Он, прищурившись, посмотрел сквозь хлеставший дождь. На лужайке не было ни души. Но ярость голосов все нарастала, и стало ясно, что доносились они из дома Пэрриша.
Отец Эмброуз знал, что там живет гомосексуалист. Полуночные вечеринки у него дома не обходились без шума. Однако теперь это было совсем другое, — не шум веселой попойки, а разразившийся скандал. И отца Эмброуза пробрала дрожь. Что там кричали, он не мог расслышать — слова заглушал ветер. Но и без того он ощущал в их силе надвигающийся взрыв и внезапно перекрестился и прошептал: «Боже, спаси нас». Он с неминуемой и пугающей уверенностью знал, что подобная ярость не может разрешиться только словами.

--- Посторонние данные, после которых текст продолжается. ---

lemma discrete_moment_seq_mult:
  assumes "discrete_moment_seq a" "discrete_moment_seq b"
  shows "discrete_moment_seq (\<lambda>n. a n * b n)"
proof -
  obtain xs ys where "unit_atoms xs" "a = atom_moments xs" "unit_atoms ys" "b = atom_moments ys"
    using assms unfolding discrete_moment_seq_def by blast
  then show ?thesis
    unfolding discrete_moment_seq_def
    by (intro exI[of _ "[(fst p * fst q, snd p * snd q). p \<leftarrow> xs, q \<leftarrow> ys]"])
      (auto simp: unit_atoms_def atom_moments_product intro: mult_le_one)
qed

lemma discrete_moment_seq_shift:
  assumes "discrete_moment_seq a"
  shows "discrete_moment_seq (\<lambda>n. a (Suc n))"
proof -
  obtain xs where "unit_atoms xs" "a = atom_moments xs"
    using assms unfolding discrete_moment_seq_def by blast
  then show ?thesis
    unfolding discrete_moment_seq_def unit_atoms_def atom_moments_def
    by (intro exI[of _ "map (\<lambda>p. (fst p, snd p * fst p)) xs"]) (auto simp: o_def mult_ac)
qed

lemma discrete_moment_seq_nonneg: "discrete_moment_seq a \<Longrightarrow> 0 \<le> a n"
  unfolding discrete_moment_seq_def unit_atoms_def atom_moments_def
  by (fastforce intro!: sum_list_nonneg)

lemma discrete_moment_seq_le_0: "discrete_moment_seq a \<Longrightarrow> a n \<le> a 0"
  unfolding discrete_moment_seq_def unit_atoms_def atom_moments_def
  by (auto intro!: sum_list_mono mult_left_le power_le_one)

definition limit_moment_seq :: "(nat \<Rightarrow> real) \<Rightarrow> bool" where
  "limit_moment_seq c \<longleftrightarrow>
     (\<exists>f. (\<forall>k. discrete_moment_seq (f k)) \<and> (\<forall>n. (\<lambda>k. f k n) \<longlonglongrightarrow> c n))"

lemma limit_moment_seq_discrete: "discrete_moment_seq c \<Longrightarrow> limit_moment_seq c"
  unfolding limit_moment_seq_def by (intro exI[of _ "\<lambda>k. c"]) auto

lemma limit_moment_seq_geometric: "0 \<le> x \<Longrightarrow> x \<le> 1 \<Longrightarrow> limit_moment_seq (\<lambda>n. x ^ n)"
  by (intro limit_moment_seq_discrete discrete_moment_seq_geometric)

lemma limit_moment_seq_add:
  assumes "limit_moment_seq a" "limit_moment_seq b"
  shows "limit_moment_seq (\<lambda>n. a n + b n)"
proof -
  obtain f g where "\<forall>k. discrete_moment_seq (f k)" "\<forall>n. (\<lambda>k. f k n) \<longlonglongrightarrow> a n"
    "\<forall>k. discrete_moment_seq (g k)" "\<forall>n. (\<lambda>k. g k n) \<longlonglongrightarrow> b n"
    using assms unfolding limit_moment_seq_def by metis
  then show ?thesis
    unfolding limit_moment_seq_def
    by (intro exI[of _ "\<lambda>k n. f k n + g k n"]) (auto intro!: discrete_moment_seq_add tendsto_add)
qed

lemma limit_moment_seq_mult:
  assumes "limit_moment_seq a" "limit_moment_seq b"
  shows "limit_moment_seq (\<lambda>n. a n * b n)"
proof -
  obtain f g where "\<forall>k. discrete_moment_seq (f k)" "\<forall>n. (\<lambda>k. f k n) \<longlonglongrightarrow> a n"
    "\<forall>k. discrete_moment_seq (g k)" "\<forall>n. (\<lambda>k. g k n) \<longlonglongrightarrow> b n"
    using assms unfolding limit_moment_seq_def by metis
  then show ?thesis
    unfolding limit_moment_seq_def
    by (intro exI[of _ "\<lambda>k n. f k n * g k n"]) (auto intro!: discrete_moment_seq_mult tendsto_mult)
qed

lemma limit_moment_seq_scale:
  assumes "limit_moment_seq a" "0 \<le> t"
  shows "limit_moment_seq (\<lambda>n. t * a n)"
proof -
  obtain f where "\<forall>k. discrete_moment_seq (f k)" "\<forall>n. (\<lambda>k. f k n) \<longlonglongrightarrow> a n"
    using assms(1) unfolding limit_moment_seq_def by metis
  then show ?thesis
    unfolding limit_moment_seq_def using assms(2)
    by (intro exI[of _ "\<lambda>k n. t * f k n"]) (auto intro!: discrete_moment_seq_scale tendsto_mult)
qed

lemma limit_moment_seq_shift:
  assumes "limit_moment_seq a"
  shows "limit_moment_seq (\<lambda>n. a (n + i))"
proof -
  obtain f where "\<forall>k. discrete_moment_seq (f k)" "\<forall>n. (\<lambda>k. f k n) \<longlonglongrightarrow> a n"
    using assms unfolding limit_moment_seq_def by metis
  moreover have "discrete_moment_seq (\<lambda>n. c (n + i))" if "discrete_moment_seq c" for c
    using that by (induction i) (auto dest: discrete_moment_seq_shift)
  ultimately show ?thesis
    unfolding limit_moment_seq_def by (intro exI[of _ "\<lambda>k n. f k (n + i)"]) auto
qed

lemma
  assumes "limit_moment_seq a"
  shows limit_moment_seq_nonneg: "0 \<le> a n" and limit_moment_seq_le_0: "a n \<le> a 0"
proof -
  obtain f where f: "\<And>k. discrete_moment_seq (f k)" "\<And>n. (\<lambda>k. f k n) \<longlonglongrightarrow> a n"
    using assms unfolding limit_moment_seq_def by metis
  show "0 \<le> a n"
    using f by (intro LIMSEQ_le_const[OF f(2)]) (auto intro: discrete_moment_seq_nonneg)
  show "a n \<le> a 0"
    using f by (intro LIMSEQ_le[OF f(2) f(2)]) (auto intro: discrete_moment_seq_le_0)
qed

lemma limit_moment_seq_le_sum_atMost: "limit_moment_seq a \<Longrightarrow> a 0 \<le> (\<Sum>j\<le>n. a j)"
  by (rule member_le_sum) (auto intro: limit_moment_seq_nonneg)

lemma limit_moment_seq_limit:
  assumes lim_seq: "\<And>k. limit_moment_seq (g k)" and lim: "\<And>n. (\<lambda>k. g k n) \<longlonglongrightarrow> c n"
  shows "limit_moment_seq c"
proof -
  have "\<exists>h. discrete_moment_seq h \<and> (\<forall>n\<le>k. \<bar>h n - g k n\<bar> < inverse (real (Suc k)))" for k
  proof -
    obtain f where f: "\<forall>j. discrete_moment_seq (f j)" "\<forall>n. (\<lambda>j. f j n) \<longlonglongrightarrow> g k n"
      using lim_seq[of k] unfolding limit_moment_seq_def by blast
    have "\<forall>n\<in>{..k}. eventually (\<lambda>j. dist (f j n) (g k n) < inverse (real (Suc k))) sequentially"
      using f(2) by (auto intro!: tendstoD)
    then have "eventually (\<lambda>j. \<forall>n\<in>{..k}. dist (f j n) (g k n) < inverse (real (Suc k))) sequentially"
      by (intro eventually_ball_finite) auto
    then obtain j where "\<forall>n\<in>{..k}. dist (f j n) (g k n) < inverse (real (Suc k))"
      by (auto simp: eventually_sequentially)
    with f(1) show ?thesis by (intro exI[of _ "f j"]) (auto simp: dist_real_def)
  qed
  then obtain h where h: "\<And>k. discrete_moment_seq (h k)"
    "\<And>k n. n \<le> k \<Longrightarrow> \<bar>h k n - g k n\<bar> < inverse (real (Suc k))"
    by metis
  have "(\<lambda>k. h k n) \<longlonglongrightarrow> c n" for n
  proof -
    have "(\<lambda>k. h k n - g k n) \<longlonglongrightarrow> 0"
      by (rule Lim_null_comparison[OF _ LIMSEQ_inverse_real_of_nat])
        (use h(2) in \<open>auto intro!: eventually_sequentiallyI[of n] less_imp_le\<close>)
    from tendsto_add[OF this lim[of n]] show ?thesis by simp
  qed
  with h(1) show ?thesis unfolding limit_moment_seq_def by blast
qed

lemma limit_moment_seq_sum:
  fixes g :: "nat \<Rightarrow> nat \<Rightarrow> real"
  shows "(\<And>i. limit_moment_seq (g i)) \<Longrightarrow> limit_moment_seq (\<lambda>n. \<Sum>i<N. g i n)"
  by (induction N) (auto intro: limit_moment_seq_add limit_moment_seq_discrete discrete_moment_seq_zero)

lemma limit_moment_seq_sums:
  fixes g :: "nat \<Rightarrow> nat \<Rightarrow> real"
  assumes "\<And>i. limit_moment_seq (g i)" "\<And>n. (\<lambda>i. g i n) sums c n"
  shows "limit_moment_seq c"
  by (rule limit_moment_seq_limit[of "\<lambda>N n. \<Sum>i<N. g i n"])
    (use assms in \<open>auto intro: limit_moment_seq_sum simp: sums_def\<close>)

lemma limit_moment_seq_power:
  "limit_moment_seq a \<Longrightarrow> limit_moment_seq (\<lambda>n. a n ^ j)"
  by (induction j) (auto intro: limit_moment_seq_mult limit_moment_seq_geometric[of 1, simplified])

section \<open>Limit moment sequences are Hausdorff moment sequences\<close>

lemma hausdorff_moment_seq_scale:
  assumes "hausdorff_moment_seq c" "0 \<le> s"
  shows "hausdorff_moment_seq (\<lambda>n. s * c n)"
proof -
  obtain \<tau> where \<tau>: "sets \<tau> = sets (restrict_space borel {0..1})" "finite_measure \<tau>"
    "\<And>n. integrable \<tau> (\<lambda>t. t ^ n)" "\<And>n. c n = (\<integral>t. t ^ n \<partial>\<tau>)"
    using assms(1) unfolding hausdorff_moment_seq_def by blast
  interpret finite_measure \<tau> by (rule \<tau>(2))
  define \<tau>' where "\<tau>' = density \<tau> (\<lambda>_. ennreal s)"
  have "emeasure \<tau>' (space \<tau>') = ennreal s * emeasure \<tau> (space \<tau>)"
    unfolding \<tau>'_def by (simp only: space_density emeasure_density_const[OF sets.top])
  then have "finite_measure \<tau>'"
    by (intro finite_measureI) (simp add: ennreal_mult_eq_top_iff)
  moreover have "integrable \<tau>' (\<lambda>t. t ^ n)" for n
    unfolding \<tau>'_def using \<tau>(3) assms(2) by (simp add: integrable_density)
  moreover have "(\<integral>t. t ^ n \<partial>\<tau>') = s * c n" for n
    unfolding \<tau>'_def \<tau>(4) using assms(2)
    by (subst integral_density) (simp_all add: borel_measurable_integrable[OF \<tau>(3)])
  ultimately show ?thesis
    unfolding hausdorff_moment_seq_def using \<tau>(1) by (intro exI[of _ \<tau>']) (simp add: \<tau>'_def)
qed

text \<open>The powers t^n are unbounded on the real line; clamping to [0, 1] turns them into
  bounded continuous functions, as required for weak convergence of distributions.\<close>

definition unit_clamp :: "real \<Rightarrow> real" where
  "unit_clamp x = max 0 (min 1 x)"

lemma unit_clamp_measurable [measurable]: "unit_clamp \<in> borel_measurable borel"
  unfolding unit_clamp_def by measurable

lemma isCont_unit_clamp_power: "isCont (\<lambda>x. unit_clamp x ^ n) x"
  unfolding unit_clamp_def by (intro continuous_intros)

lemma norm_unit_clamp_power_le_1: "norm (unit_clamp x ^ n) \<le> 1"
  unfolding unit_clamp_def by (auto simp: abs_mult power_abs intro!: power_le_one)

lemma unit_clamp_id: "0 \<le> x \<Longrightarrow> x \<le> 1 \<Longrightarrow> unit_clamp x = x"
  unfolding unit_clamp_def by auto

lemma hausdorff_moment_seq_distribution:
  assumes "real_distribution M"
  shows "hausdorff_moment_seq (\<lambda>n. \<integral>x. unit_clamp x ^ n \<partial>M)"
proof -
  interpret real_distribution M by (rule assms)
  have clamp: "unit_clamp \<in> measurable M (restrict_space borel {0..1})"
    by (rule measurable_restrict_space2) (auto simp: unit_clamp_def)
  define \<tau> where "\<tau> = distr M (restrict_space borel {0..1}) unit_clamp"
  interpret \<tau>: prob_space \<tau>
    unfolding \<tau>_def using clamp by (rule prob_space_distr)
  have "integrable \<tau> (\<lambda>t. t ^ n)" for n
  proof (rule \<tau>.integrable_const_bound[where B=1])
    show "AE t in \<tau>. norm (t ^ n) \<le> 1"
      by (intro AE_I2) (auto simp: \<tau>_def space_restrict_space abs_mult power_abs intro!: power_le_one)
  qed (simp add: \<tau>_def measurable_restrict_space1)
  moreover have "(\<integral>t. t ^ n \<partial>\<tau>) = (\<integral>x. unit_clamp x ^ n \<partial>M)" for n
    unfolding \<tau>_def by (rule integral_distr[OF clamp]) (simp add: measurable_restrict_space1)
  moreover have "sets \<tau> = sets (restrict_space borel {0..1})"
    unfolding \<tau>_def by simp
  ultimately show ?thesis
    unfolding hausdorff_moment_seq_def using \<tau>.finite_measure_axioms by (intro exI[of _ \<tau>]) simp
qed

lemma sum_list_group_by_fst:
  fixes ys :: "('a \<times> real) list"
  assumes "finite A" "fst ` set ys \<subseteq> A"
  shows "(\<Sum>a\<in>A. f a * (\<Sum>q\<leftarrow>filter (\<lambda>q. fst q = a) ys. snd q)) = (\<Sum>q\<leftarrow>ys. snd q * f (fst q))"
  using assms(2)
proof (induction ys)
  case (Cons p ys)
  have "(\<Sum>a\<in>A. f a * (\<Sum>q\<leftarrow>filter (\<lambda>q. fst q = a) (p # ys). snd q)) =
        (\<Sum>a\<in>A. if fst p = a then f a * snd p else 0) + (\<Sum>a\<in>A. f a * (\<Sum>q\<leftarrow>filter (\<lambda>q. fst q = a) ys. snd q))"
    unfolding sum.distrib[symmetric] by (intro sum.cong refl) (simp add: distrib_left)
  also have "(\<Sum>a\<in>A. if fst p = a then f a * snd p else 0) = f (fst p) * snd p"
    using Cons.prems assms(1) by (simp add: sum.delta)
  finally show ?case
    using Cons by simp
qed simp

Слова, снова… Неразличимые на ветру, разносимые обрывками звуков под бешеным дождем, несущие в себе угрозу надвигающегося ужаса…
Потом — резкое, отчетливое, единственное различимое слово, которое ножом прорезалось сквозь ветер и дожди.
— Нет!
И — кошмарный вопль.
Огонь вдруг издан треск и шипение. Загорелось новое полено. Отец Эмброуз покачал головой.
Мэтью внимательно наблюдал за ним.
В гостиной домика священника было тихо, если не считать шипения влажных поленьев в камине и непрестанного стука дождя по кедровой дранке крыши.
— Вы расслышали только один вопль за словом «нет»? — спросил Мэтью.
— Да, всего один вопль.
Ральф Пэрриш рассказывал Мэтью, что он проснулся от шума ссорящихся голосов и вопля брата. А потом он услышал, как его брат…
— А вы не слышали, как кто-то кричал: «У меня нет их, я даже не знаю, где они»?
— Единственное слово, которое я мог разобрать, было «нет». А остальные слова…
Он снова покачал головой.
— Отец Эмброуз… вы сказали, что когда голоса разбудили вас…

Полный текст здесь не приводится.